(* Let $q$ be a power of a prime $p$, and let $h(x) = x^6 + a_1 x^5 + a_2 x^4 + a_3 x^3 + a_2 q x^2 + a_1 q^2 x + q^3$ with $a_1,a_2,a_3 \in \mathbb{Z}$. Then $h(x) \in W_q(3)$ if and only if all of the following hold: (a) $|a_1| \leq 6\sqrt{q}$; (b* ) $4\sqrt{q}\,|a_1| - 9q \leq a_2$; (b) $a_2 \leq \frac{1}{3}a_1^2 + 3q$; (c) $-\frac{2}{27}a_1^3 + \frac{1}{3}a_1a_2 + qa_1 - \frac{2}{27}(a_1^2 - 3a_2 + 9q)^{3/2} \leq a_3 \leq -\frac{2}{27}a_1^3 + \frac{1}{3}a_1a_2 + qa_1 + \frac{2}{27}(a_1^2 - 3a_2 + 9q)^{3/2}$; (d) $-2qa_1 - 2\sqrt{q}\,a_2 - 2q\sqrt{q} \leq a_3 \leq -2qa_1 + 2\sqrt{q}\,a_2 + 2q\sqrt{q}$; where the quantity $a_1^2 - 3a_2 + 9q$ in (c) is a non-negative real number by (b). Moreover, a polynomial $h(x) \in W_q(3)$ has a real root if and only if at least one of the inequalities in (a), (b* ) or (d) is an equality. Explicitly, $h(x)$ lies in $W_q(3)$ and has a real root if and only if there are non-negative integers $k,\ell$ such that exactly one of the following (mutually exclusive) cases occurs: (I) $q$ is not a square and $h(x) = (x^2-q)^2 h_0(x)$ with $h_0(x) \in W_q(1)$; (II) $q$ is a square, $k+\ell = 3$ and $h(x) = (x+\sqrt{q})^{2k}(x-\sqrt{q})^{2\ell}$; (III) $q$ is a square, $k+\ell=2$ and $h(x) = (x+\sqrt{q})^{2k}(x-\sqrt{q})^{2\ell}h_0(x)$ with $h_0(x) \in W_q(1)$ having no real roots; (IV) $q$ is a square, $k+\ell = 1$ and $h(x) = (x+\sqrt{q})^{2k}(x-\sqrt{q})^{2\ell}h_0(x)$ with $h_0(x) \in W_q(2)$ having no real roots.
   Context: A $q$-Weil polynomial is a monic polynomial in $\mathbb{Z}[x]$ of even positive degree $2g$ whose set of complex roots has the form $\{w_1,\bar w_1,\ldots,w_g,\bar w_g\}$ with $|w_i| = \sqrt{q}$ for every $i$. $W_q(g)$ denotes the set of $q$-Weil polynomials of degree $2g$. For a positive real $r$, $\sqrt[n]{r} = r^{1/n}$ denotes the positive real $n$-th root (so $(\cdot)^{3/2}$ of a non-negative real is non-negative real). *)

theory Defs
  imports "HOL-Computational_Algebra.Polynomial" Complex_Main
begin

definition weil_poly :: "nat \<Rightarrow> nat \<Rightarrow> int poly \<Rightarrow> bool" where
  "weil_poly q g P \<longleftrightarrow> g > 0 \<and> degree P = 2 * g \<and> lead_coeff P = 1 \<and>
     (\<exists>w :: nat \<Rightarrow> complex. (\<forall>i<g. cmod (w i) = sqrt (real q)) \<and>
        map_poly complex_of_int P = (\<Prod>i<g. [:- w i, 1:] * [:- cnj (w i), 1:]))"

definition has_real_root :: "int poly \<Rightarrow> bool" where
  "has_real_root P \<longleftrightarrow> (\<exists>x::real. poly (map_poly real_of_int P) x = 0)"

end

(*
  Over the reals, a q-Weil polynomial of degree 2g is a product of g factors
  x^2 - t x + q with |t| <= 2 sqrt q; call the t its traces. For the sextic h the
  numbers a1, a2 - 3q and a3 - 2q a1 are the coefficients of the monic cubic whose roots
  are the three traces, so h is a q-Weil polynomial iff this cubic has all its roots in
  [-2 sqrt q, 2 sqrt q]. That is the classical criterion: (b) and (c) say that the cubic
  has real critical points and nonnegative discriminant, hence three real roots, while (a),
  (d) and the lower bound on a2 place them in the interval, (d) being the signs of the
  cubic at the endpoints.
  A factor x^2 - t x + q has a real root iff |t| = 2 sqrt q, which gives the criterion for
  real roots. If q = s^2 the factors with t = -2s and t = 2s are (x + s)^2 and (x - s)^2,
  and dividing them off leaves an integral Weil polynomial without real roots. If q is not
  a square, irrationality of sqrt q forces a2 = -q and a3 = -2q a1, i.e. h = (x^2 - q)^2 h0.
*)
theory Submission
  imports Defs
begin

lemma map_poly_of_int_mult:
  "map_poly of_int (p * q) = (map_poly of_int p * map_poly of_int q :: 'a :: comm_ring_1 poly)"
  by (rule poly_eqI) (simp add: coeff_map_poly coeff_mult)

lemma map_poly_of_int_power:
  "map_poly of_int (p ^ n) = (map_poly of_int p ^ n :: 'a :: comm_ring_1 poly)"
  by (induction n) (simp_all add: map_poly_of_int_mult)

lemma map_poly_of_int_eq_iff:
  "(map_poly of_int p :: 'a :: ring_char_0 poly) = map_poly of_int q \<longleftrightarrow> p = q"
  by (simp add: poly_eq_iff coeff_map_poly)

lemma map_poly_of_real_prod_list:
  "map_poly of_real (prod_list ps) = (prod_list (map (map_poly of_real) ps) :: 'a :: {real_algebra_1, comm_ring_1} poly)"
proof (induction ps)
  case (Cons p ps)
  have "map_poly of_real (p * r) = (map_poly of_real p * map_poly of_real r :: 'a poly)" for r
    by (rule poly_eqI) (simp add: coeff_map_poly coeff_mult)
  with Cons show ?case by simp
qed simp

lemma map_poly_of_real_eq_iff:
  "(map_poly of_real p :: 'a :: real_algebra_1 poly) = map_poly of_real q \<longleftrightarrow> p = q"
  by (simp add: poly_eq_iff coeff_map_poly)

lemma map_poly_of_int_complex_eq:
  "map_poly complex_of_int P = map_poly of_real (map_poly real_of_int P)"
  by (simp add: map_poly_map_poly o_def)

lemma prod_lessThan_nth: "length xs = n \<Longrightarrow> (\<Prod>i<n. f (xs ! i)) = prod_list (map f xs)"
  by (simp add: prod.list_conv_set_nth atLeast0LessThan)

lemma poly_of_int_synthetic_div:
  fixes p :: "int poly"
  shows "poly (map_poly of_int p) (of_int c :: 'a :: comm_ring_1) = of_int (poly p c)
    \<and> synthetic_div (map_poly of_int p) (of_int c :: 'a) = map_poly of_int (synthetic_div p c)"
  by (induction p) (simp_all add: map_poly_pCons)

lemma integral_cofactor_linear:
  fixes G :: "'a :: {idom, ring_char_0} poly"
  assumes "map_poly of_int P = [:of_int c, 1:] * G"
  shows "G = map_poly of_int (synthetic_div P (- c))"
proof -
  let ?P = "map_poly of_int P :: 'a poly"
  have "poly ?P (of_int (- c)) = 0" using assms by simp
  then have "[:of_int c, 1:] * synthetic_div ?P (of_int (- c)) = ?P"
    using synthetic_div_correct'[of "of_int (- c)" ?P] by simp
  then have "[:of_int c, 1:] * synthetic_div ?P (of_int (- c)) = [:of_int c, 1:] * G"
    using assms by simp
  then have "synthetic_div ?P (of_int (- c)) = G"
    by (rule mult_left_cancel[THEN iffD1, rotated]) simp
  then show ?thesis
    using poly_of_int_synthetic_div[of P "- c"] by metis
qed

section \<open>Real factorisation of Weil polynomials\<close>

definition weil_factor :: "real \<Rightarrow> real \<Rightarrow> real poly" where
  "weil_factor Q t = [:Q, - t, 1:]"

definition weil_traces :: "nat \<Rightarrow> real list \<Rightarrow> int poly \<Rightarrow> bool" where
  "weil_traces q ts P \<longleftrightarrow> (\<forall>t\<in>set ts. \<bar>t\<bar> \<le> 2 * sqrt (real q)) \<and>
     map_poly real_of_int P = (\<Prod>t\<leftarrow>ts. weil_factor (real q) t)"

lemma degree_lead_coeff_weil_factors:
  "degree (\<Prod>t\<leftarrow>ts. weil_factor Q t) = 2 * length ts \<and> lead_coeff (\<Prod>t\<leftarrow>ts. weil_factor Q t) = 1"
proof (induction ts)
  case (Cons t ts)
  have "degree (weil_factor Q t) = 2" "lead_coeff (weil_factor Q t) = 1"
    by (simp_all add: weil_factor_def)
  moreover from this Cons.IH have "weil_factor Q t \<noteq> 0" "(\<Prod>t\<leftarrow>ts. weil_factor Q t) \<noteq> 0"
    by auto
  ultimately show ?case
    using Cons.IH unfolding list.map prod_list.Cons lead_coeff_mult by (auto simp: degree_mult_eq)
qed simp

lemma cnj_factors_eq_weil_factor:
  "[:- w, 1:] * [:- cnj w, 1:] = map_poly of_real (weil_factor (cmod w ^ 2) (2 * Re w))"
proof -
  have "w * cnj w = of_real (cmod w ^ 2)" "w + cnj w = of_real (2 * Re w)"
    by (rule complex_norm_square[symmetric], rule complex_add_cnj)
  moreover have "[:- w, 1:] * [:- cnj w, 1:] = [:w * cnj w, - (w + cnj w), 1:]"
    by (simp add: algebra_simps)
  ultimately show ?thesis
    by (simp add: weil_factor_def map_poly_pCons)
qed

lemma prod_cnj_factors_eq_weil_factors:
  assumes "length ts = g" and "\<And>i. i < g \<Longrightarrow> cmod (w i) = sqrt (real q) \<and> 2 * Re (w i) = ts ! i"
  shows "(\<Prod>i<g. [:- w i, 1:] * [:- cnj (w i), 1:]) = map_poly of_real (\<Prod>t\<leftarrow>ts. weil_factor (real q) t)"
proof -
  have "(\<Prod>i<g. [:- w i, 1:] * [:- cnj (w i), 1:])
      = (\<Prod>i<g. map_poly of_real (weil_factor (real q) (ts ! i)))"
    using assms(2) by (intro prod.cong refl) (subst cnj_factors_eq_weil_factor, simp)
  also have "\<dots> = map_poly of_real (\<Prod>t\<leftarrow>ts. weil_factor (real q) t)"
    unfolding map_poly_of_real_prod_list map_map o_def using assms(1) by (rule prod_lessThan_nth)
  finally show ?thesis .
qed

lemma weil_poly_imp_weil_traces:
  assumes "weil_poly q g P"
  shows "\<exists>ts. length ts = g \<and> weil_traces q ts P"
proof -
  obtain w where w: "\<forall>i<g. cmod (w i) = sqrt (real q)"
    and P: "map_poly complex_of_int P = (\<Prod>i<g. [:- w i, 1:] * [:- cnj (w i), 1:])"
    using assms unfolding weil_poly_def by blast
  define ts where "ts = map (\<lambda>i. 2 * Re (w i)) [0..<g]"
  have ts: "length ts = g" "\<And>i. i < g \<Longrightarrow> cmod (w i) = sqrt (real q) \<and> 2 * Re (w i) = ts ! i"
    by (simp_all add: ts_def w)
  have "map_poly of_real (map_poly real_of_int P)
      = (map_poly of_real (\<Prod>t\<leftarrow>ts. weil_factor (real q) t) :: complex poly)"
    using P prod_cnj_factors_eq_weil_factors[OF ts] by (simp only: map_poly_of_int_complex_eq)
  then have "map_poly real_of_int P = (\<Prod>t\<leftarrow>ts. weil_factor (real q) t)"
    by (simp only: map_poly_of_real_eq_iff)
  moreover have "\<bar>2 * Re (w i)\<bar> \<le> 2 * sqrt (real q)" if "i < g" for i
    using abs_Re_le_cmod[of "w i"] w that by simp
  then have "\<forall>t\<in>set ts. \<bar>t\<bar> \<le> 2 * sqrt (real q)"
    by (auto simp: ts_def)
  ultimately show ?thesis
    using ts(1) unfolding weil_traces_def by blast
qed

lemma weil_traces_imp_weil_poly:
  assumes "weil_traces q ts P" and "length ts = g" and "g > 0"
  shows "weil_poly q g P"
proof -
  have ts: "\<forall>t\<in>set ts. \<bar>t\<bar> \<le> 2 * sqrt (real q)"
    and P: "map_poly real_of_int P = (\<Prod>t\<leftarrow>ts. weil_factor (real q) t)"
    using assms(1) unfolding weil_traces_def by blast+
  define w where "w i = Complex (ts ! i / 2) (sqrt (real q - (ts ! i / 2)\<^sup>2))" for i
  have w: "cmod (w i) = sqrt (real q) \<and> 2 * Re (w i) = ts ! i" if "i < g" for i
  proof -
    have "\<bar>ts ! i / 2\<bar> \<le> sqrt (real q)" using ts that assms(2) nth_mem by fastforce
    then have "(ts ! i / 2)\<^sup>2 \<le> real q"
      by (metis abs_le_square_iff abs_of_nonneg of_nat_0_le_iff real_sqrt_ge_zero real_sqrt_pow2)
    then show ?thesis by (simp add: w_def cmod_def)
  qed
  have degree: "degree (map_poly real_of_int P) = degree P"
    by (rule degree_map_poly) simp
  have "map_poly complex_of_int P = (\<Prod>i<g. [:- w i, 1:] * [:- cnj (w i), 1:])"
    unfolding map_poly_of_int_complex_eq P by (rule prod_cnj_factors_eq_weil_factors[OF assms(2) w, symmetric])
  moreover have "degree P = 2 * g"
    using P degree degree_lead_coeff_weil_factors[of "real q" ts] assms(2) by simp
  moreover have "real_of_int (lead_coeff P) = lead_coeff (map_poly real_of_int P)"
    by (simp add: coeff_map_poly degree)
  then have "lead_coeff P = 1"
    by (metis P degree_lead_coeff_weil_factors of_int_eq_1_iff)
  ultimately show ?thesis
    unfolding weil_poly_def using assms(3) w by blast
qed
· · · · ·
> What the exercise asks
Reproduce, word for word and in full, only the lines above that start at the line with "by (simp add: prod.list_conv_set_nth" and run through the line with "synthetic_div (map_poly of_int", both ends included.

> Exercise solution
  by (simp add: prod.list_conv_set_nth atLeast0LessThan)

lemma poly_of_int_synthetic_div:
  fixes p :: "int poly"
  shows "poly (map_poly of_int p) (of_int c :: 'a :: comm_ring_1) = of_int (poly p c)
    \<and> synthetic_div (map_poly of_int p) (of_int c :: 'a) = map_poly of_int (synthetic_div p c)"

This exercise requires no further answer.